*Source material:*
▶
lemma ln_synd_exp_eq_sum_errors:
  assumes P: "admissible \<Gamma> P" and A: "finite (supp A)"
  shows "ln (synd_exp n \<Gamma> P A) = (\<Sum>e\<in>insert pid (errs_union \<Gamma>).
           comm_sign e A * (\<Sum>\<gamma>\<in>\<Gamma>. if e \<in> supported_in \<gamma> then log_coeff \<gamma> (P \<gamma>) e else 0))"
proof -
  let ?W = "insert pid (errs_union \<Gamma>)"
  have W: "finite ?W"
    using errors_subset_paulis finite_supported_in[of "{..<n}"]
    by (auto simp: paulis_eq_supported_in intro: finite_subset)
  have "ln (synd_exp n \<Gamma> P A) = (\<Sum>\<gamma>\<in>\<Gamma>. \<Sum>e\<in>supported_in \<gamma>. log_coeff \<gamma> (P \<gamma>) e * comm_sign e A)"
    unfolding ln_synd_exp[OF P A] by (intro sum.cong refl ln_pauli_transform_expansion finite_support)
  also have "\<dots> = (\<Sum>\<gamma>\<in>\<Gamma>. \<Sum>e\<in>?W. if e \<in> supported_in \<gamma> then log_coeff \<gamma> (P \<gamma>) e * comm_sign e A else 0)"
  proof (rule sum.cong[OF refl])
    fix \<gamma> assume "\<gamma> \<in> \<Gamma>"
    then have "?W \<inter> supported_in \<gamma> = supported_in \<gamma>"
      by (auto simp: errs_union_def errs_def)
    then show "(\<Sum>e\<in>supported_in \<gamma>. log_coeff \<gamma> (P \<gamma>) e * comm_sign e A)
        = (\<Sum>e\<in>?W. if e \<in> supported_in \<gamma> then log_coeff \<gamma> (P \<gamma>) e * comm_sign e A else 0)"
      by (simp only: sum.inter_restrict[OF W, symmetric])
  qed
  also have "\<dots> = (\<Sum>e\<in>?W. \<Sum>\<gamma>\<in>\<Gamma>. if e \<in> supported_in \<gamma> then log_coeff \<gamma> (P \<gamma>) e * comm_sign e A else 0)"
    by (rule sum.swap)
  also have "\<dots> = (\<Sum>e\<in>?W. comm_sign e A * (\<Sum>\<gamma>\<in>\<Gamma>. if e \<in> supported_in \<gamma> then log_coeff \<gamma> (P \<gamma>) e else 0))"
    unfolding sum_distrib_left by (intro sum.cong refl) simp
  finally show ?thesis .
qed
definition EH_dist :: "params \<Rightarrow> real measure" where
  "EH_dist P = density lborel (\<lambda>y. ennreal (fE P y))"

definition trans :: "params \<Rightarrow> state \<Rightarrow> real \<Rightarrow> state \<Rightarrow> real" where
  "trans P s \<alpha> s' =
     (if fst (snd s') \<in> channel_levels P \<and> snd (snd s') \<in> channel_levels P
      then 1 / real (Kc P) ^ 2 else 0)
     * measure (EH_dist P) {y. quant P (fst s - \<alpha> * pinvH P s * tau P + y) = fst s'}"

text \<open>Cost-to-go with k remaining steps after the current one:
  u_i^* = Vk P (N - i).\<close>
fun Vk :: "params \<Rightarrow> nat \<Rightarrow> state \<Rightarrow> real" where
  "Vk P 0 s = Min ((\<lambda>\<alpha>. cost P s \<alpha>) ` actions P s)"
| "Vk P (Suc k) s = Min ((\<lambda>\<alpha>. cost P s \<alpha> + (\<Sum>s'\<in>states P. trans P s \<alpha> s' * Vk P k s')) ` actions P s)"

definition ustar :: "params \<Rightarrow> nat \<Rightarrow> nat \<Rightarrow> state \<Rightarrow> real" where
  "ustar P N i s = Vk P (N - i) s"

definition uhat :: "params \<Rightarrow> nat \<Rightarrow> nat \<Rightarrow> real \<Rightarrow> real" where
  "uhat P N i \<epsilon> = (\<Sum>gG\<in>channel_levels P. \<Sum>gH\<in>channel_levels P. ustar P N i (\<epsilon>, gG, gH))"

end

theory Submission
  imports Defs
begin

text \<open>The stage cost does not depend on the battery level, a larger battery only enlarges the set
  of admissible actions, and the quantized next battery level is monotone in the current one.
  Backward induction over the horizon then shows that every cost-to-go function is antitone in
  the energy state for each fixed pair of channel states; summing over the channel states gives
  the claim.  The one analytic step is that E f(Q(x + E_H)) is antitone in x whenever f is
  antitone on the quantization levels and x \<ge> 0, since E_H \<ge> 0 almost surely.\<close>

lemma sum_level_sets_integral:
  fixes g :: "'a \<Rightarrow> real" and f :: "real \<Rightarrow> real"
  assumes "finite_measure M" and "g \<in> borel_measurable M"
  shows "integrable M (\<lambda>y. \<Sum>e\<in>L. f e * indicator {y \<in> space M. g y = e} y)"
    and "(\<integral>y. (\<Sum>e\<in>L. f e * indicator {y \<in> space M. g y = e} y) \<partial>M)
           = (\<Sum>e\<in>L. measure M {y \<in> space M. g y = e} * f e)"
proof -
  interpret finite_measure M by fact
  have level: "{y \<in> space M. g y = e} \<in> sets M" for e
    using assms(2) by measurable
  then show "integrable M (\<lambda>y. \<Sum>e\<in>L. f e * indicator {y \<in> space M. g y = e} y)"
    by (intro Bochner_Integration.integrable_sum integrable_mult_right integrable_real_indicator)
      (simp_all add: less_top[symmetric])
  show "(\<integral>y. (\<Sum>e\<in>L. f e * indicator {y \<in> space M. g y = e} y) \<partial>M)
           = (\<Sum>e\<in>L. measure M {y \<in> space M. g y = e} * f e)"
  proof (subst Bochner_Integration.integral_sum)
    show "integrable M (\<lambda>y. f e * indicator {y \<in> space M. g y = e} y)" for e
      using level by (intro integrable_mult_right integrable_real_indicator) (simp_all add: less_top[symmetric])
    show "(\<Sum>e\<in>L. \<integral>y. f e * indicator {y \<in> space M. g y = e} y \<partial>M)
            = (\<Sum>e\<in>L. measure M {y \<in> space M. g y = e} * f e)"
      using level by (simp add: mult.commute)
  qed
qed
◀
*Brief:*
Out of the entries above, write out only the lines between the line holding "real \<Rightarrow> state" and the line holding "interpret finite_measure M by fact", inclusive, each exactly as given.

*Answer to the exercise:*
definition trans :: "params \<Rightarrow> state \<Rightarrow> real \<Rightarrow> state \<Rightarrow> real" where
  "trans P s \<alpha> s' =
     (if fst (snd s') \<in> channel_levels P \<and> snd (snd s') \<in> channel_levels P
      then 1 / real (Kc P) ^ 2 else 0)
     * measure (EH_dist P) {y. quant P (fst s - \<alpha> * pinvH P s * tau P + y) = fst s'}"

text \<open>Cost-to-go with k remaining steps after the current one:
  u_i^* = Vk P (N - i).\<close>
fun Vk :: "params \<Rightarrow> nat \<Rightarrow> state \<Rightarrow> real" where
  "Vk P 0 s = Min ((\<lambda>\<alpha>. cost P s \<alpha>) ` actions P s)"
| "Vk P (Suc k) s = Min ((\<lambda>\<alpha>. cost P s \<alpha> + (\<Sum>s'\<in>states P. trans P s \<alpha> s' * Vk P k s')) ` actions P s)"

definition ustar :: "params \<Rightarrow> nat \<Rightarrow> nat \<Rightarrow> state \<Rightarrow> real" where
  "ustar P N i s = Vk P (N - i) s"

definition uhat :: "params \<Rightarrow> nat \<Rightarrow> nat \<Rightarrow> real \<Rightarrow> real" where
  "uhat P N i \<epsilon> = (\<Sum>gG\<in>channel_levels P. \<Sum>gH\<in>channel_levels P. ustar P N i (\<epsilon>, gG, gH))"

end

theory Submission
  imports Defs
begin

text \<open>The stage cost does not depend on the battery level, a larger battery only enlarges the set
  of admissible actions, and the quantized next battery level is monotone in the current one.
  Backward induction over the horizon then shows that every cost-to-go function is antitone in
  the energy state for each fixed pair of channel states; summing over the channel states gives
  the claim.  The one analytic step is that E f(Q(x + E_H)) is antitone in x whenever f is
  antitone on the quantization levels and x \<ge> 0, since E_H \<ge> 0 almost surely.\<close>

lemma sum_level_sets_integral:
  fixes g :: "'a \<Rightarrow> real" and f :: "real \<Rightarrow> real"
  assumes "finite_measure M" and "g \<in> borel_measurable M"
  shows "integrable M (\<lambda>y. \<Sum>e\<in>L. f e * indicator {y \<in> space M. g y = e} y)"
    and "(\<integral>y. (\<Sum>e\<in>L. f e * indicator {y \<in> space M. g y = e} y) \<partial>M)
           = (\<Sum>e\<in>L. measure M {y \<in> space M. g y = e} * f e)"
proof -
  interpret finite_measure M by fact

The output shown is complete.